Here we are. Father’s Day. The second to last first holiday without you. Unlike all the other holidays, I couldn’t just go through the motions since this holiday is centered around you. Each holiday was drastically different, but I still had events to distract me.
On Halloween, our daughter and I were invited to go trick or treating with friends in a neighboring town. Our daughter was a cheerleader. There were other kids who were our daughters age and she had a blast. She totally understood the concept and would run up to each door and do a happy dance each time she received candy.
On Thanksgiving the family met at my brothers in New Hampshire and I cooked dinner. I also ran a Turkey Trot and at one water station they were giving out beer. I took one because I knew that you would been disappointed if did not. I only managed a sip.

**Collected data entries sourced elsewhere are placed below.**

lemma binomial_difference_Suc:
  fixes X :: "nat \<Rightarrow> real"
  shows "(\<Sum>i\<le>Suc k. real (Suc k choose i) * (-1) ^ (Suc k - i) * X i)
       = (\<Sum>i\<le>k. real (k choose i) * (-1) ^ (k - i) * X (Suc i))
         - (\<Sum>i\<le>k. real (k choose i) * (-1) ^ (k - i) * X i)"
proof -
  have shifted: "(\<Sum>i\<le>k. real (k choose i) * (-1) ^ (k - i) * X i)
      = (-1) ^ k * X 0 - (\<Sum>i\<le>k. real (k choose Suc i) * (-1) ^ (k - i) * X (Suc i))"
  proof -
    have "real (k choose Suc i) * (-1) ^ (k - Suc i) = - (real (k choose Suc i) * (-1) ^ (k - i))"
      if "i \<le> k" for i
      using that by (cases "i = k") (simp_all add: Suc_diff_Suc[symmetric, of i k])
    then have "(\<Sum>i\<le>k. real (k choose Suc i) * (-1) ^ (k - Suc i) * X (Suc i))
        = - (\<Sum>i\<le>k. real (k choose Suc i) * (-1) ^ (k - i) * X (Suc i))"
      by (simp add: sum_negf[symmetric])
    moreover have "(\<Sum>i\<le>k. real (k choose i) * (-1) ^ (k - i) * X i)
        = (\<Sum>i\<le>Suc k. real (k choose i) * (-1) ^ (k - i) * X i)"
      by simp
    ultimately show ?thesis
      by (simp add: sum.atMost_Suc_shift del: sum.atMost_Suc)
  qed
  show ?thesis
    unfolding shifted
    by (simp add: sum.atMost_Suc_shift sum.distrib[symmetric] algebra_simps del: sum.atMost_Suc)
qed

lemma matpow_minus_identity:
  fixes A :: "nat \<Rightarrow> nat \<Rightarrow> real"
  assumes "j \<le> N"
  shows "matpow (\<lambda>a b. A a b - (if a = b then 1 else 0)) N k r j
       = (\<Sum>i\<le>k. real (k choose i) * (-1) ^ (k - i) * matpow A N i r j)"
  using assms
proof (induction k arbitrary: j)
  case 0
  then show ?case by simp
next
  case (Suc k)
  let ?c = "\<lambda>i. real (k choose i) * (-1) ^ (k - i)"
  let ?S = "\<lambda>l. \<Sum>i\<le>k. ?c i * matpow A N i r l"
  have "matpow (\<lambda>a b. A a b - (if a = b then 1 else 0)) N (Suc k) r j
      = (\<Sum>l\<le>N. ?S l * A l j - (if l = j then ?S l else 0))"
    unfolding matpow.simps by (intro sum.cong refl) (subst Suc.IH, auto simp: right_diff_distrib)
  also have "\<dots> = (\<Sum>l\<le>N. ?S l * A l j) - ?S j"
    using Suc.prems by (simp add: sum_subtractf)
  also have "(\<Sum>l\<le>N. ?S l * A l j) = (\<Sum>i\<le>k. ?c i * matpow A N (Suc i) r j)"
    by (simp add: sum_distrib_right sum_distrib_left mult.assoc sum.swap[of _ "{..N}"])
  finally show ?case
    by (simp only: binomial_difference_Suc)
qed

lemma matexp_minus_identity:
  fixes A :: "nat \<Rightarrow> nat \<Rightarrow> real"
  assumes A: "row_norm_le N A M" and rj: "r \<le> N" "j \<le> N"
  shows "matexp (\<lambda>a b. A a b - (if a = b then 1 else 0)) N t r j = exp (- t) * matexp A N t r j"
proof -
  let ?a = "\<lambda>i. t ^ i / fact i * matpow A N i r j" and ?b = "\<lambda>m. (- t) ^ m / fact m"
  have summable_b: "summable (\<lambda>k. norm (?b k))"
    using sums_summable[OF exp_sums[of "\<bar>t\<bar>"]] by (simp add: power_abs)
  have "(\<lambda>k. \<Sum>i\<le>k. ?a i * ?b (k - i)) sums ((\<Sum>k. ?a k) * (\<Sum>k. ?b k))"
    using matexp_summable_abs[OF A rj] by (intro Cauchy_product_sums summable_b) simp
  then have "(\<lambda>k. \<Sum>i\<le>k. ?a i * ?b (k - i)) sums (matexp A N t r j * exp (- t))"
    by (simp add: matexp_def sums_unique[OF exp_sums[of "- t"]])
  moreover have "(\<Sum>i\<le>k. ?a i * ?b (k - i))
      = t ^ k / fact k * matpow (\<lambda>a b. A a b - (if a = b then 1 else 0)) N k r j" for k
  proof -
    have "?a i * ?b (k - i) = t ^ k / fact k * (real (k choose i) * (-1) ^ (k - i) * matpow A N i r j)"
      if "i \<le> k" for i
      using that
      by (simp add: binomial_fact power_minus[of t] field_simps flip: power_add)
    then show ?thesis
      by (simp add: matpow_minus_identity[OF rj(2)] sum_distrib_left)
  qed
  ultimately show ?thesis
    unfolding matexp_def by (simp add: sums_iff mult.commute)
qed

section \<open>Poisson tail bounds\<close>

text \<open>P(N_t < m) for a Poisson variable N_t with mean t (strict inequality).\<close>

definition poisson_cdf :: "real \<Rightarrow> nat \<Rightarrow> real" where
  "poisson_cdf t m = exp (- t) * (\<Sum>k<m. t ^ k / fact k)"

lemma poisson_cdf_nonneg: "0 \<le> t \<Longrightarrow> 0 \<le> poisson_cdf t m"
  by (simp add: poisson_cdf_def sum_nonneg)

lemma poisson_cdf_mono: "m \<le> m' \<Longrightarrow> 0 \<le> t \<Longrightarrow> poisson_cdf t m \<le> poisson_cdf t m'"
  unfolding poisson_cdf_def by (intro mult_left_mono sum_mono2) auto

lemma sum_exp_le_exp: "0 \<le> x \<Longrightarrow> (\<Sum>k<m. x ^ k / fact k) \<le> exp (x :: real)"
  using sum_le_suminf[OF sums_summable[OF exp_sums[of x]], of "{..<m}"] sums_unique[OF exp_sums[of x]]
  by simp

lemma poisson_cdf_le_chernoff:
  assumes \<theta>: "0 < \<theta>" "\<theta> \<le> 1" and t: "0 \<le> t"
  shows "poisson_cdf t m \<le> exp (t * (\<theta> - 1)) / \<theta> ^ m"
proof -
  have "(\<Sum>k<m. t ^ k / fact k) \<le> (\<Sum>k<m. (t * \<theta>) ^ k / fact k / \<theta> ^ m)"
  proof (intro sum_mono)
    fix k assume "k \<in> {..<m}"
    then have "1 \<le> \<theta> ^ k / \<theta> ^ m"
      using \<theta> power_decreasing[of k m \<theta>] by simp
    then show "t ^ k / fact k \<le> (t * \<theta>) ^ k / fact k / \<theta> ^ m"
      using t mult_left_mono[of 1 "\<theta> ^ k / \<theta> ^ m" "t ^ k / fact k"] by (simp add: power_mult_distrib)
  qed
  also have "\<dots> \<le> exp (t * \<theta>) / \<theta> ^ m"
    unfolding sum_divide_distrib[symmetric] using \<theta> t by (intro divide_right_mono sum_exp_le_exp) auto
  finally have "poisson_cdf t m \<le> exp (- t) * (exp (t * \<theta>) / \<theta> ^ m)"
    unfolding poisson_cdf_def by (intro mult_left_mono) auto
  also have "\<dots> = exp (t * (\<theta> - 1)) / \<theta> ^ m"
    by (simp add: exp_add[symmetric] algebra_simps)
  finally show ?thesis .
qed

lemma poisson_cdf_le_1: "0 \<le> t \<Longrightarrow> poisson_cdf t m \<le> 1"
  using poisson_cdf_le_chernoff[of 1 t m] by simp

lemma poisson_cdf_ge_chernoff:
  assumes \<theta>: "1 \<le> \<theta>" and t: "0 \<le> t"
  shows "1 - poisson_cdf t m \<le> exp (t * (\<theta> - 1)) / \<theta> ^ m"
proof -
  let ?x = "\<lambda>k. t ^ k / fact k"
  have "(\<lambda>k. ?x k - (if k < m then ?x k else 0)) sums (exp t - (\<Sum>k<m. ?x k))"
    using sums_If_finite_set[of "{..<m}" ?x] by (intro sums_diff exp_sums) simp
  moreover have "(\<lambda>k. (t * \<theta>) ^ k / fact k / \<theta> ^ m) sums (exp (t * \<theta>) / \<theta> ^ m)"
    by (intro sums_divide exp_sums)
  moreover have "?x k - (if k < m then ?x k else 0) \<le> (t * \<theta>) ^ k / fact k / \<theta> ^ m" for k
  proof (cases "k < m")
    case False
    then have "1 \<le> \<theta> ^ k / \<theta> ^ m"
      using \<theta> power_increasing[of m k \<theta>] by simp
    then show ?thesis
      using False t mult_left_mono[of 1 "\<theta> ^ k / \<theta> ^ m" "?x k"] by (simp add: power_mult_distrib)
  qed (use t \<theta> in simp)
  ultimately have "exp t - (\<Sum>k<m. ?x k) \<le> exp (t * \<theta>) / \<theta> ^ m"
    by (rule sums_le[rotated])
  then have "exp (- t) * (exp t - (\<Sum>k<m. ?x k)) \<le> exp (- t) * (exp (t * \<theta>) / \<theta> ^ m)"
    by (intro mult_left_mono) auto
  also have "exp (- t) * (exp t - (\<Sum>k<m. ?x k)) = 1 - poisson_cdf t m"
    by (simp add: poisson_cdf_def right_diff_distrib exp_minus_inverse mult.commute)
  also have "exp (- t) * (exp (t * \<theta>) / \<theta> ^ m) = exp (t * (\<theta> - 1)) / \<theta> ^ m"
    by (simp add: exp_add[symmetric] algebra_simps)
  finally show ?thesis .
qed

On Christmas, our daughter and I continued to see our friends. Instead of continuing Christmas Eve afternoon at the pub, some of us started the new tradition of Feliz Navidad Brunch. We visited your grave. We went to Mass even if I still think the whole religion and praying thing is pointless. Santa may have gone overboard with Amazon Prime.
Our friends and I stayed up on New Years Eve. Mariah Carey was so bad that it was epic. I made poblano macaroni and cheese, which is a crowd favorite. I learned to make it after you died so you have never tasted it, but you would have loved it. We went to New Beginnings Brunch the next day.
Valentine’s Day was filled with love from our friends. They didn’t forget about us. Even Carter the dog thought to get us roses.
I made a ham on Easter. We colored Easter eggs and we went out for ice cream.
Mother’s Day was spent at Baby Animal Day at Indian Ladder Farm.
But today I couldn’t avoid the fact that you were not here. I kept thinking about how you were looking forward to our daughter being this age. You were so excited for her to start talking. You couldn’t wait to hear the funny things she was going to say. I know you would have had some pretty ridiculous conversations with her.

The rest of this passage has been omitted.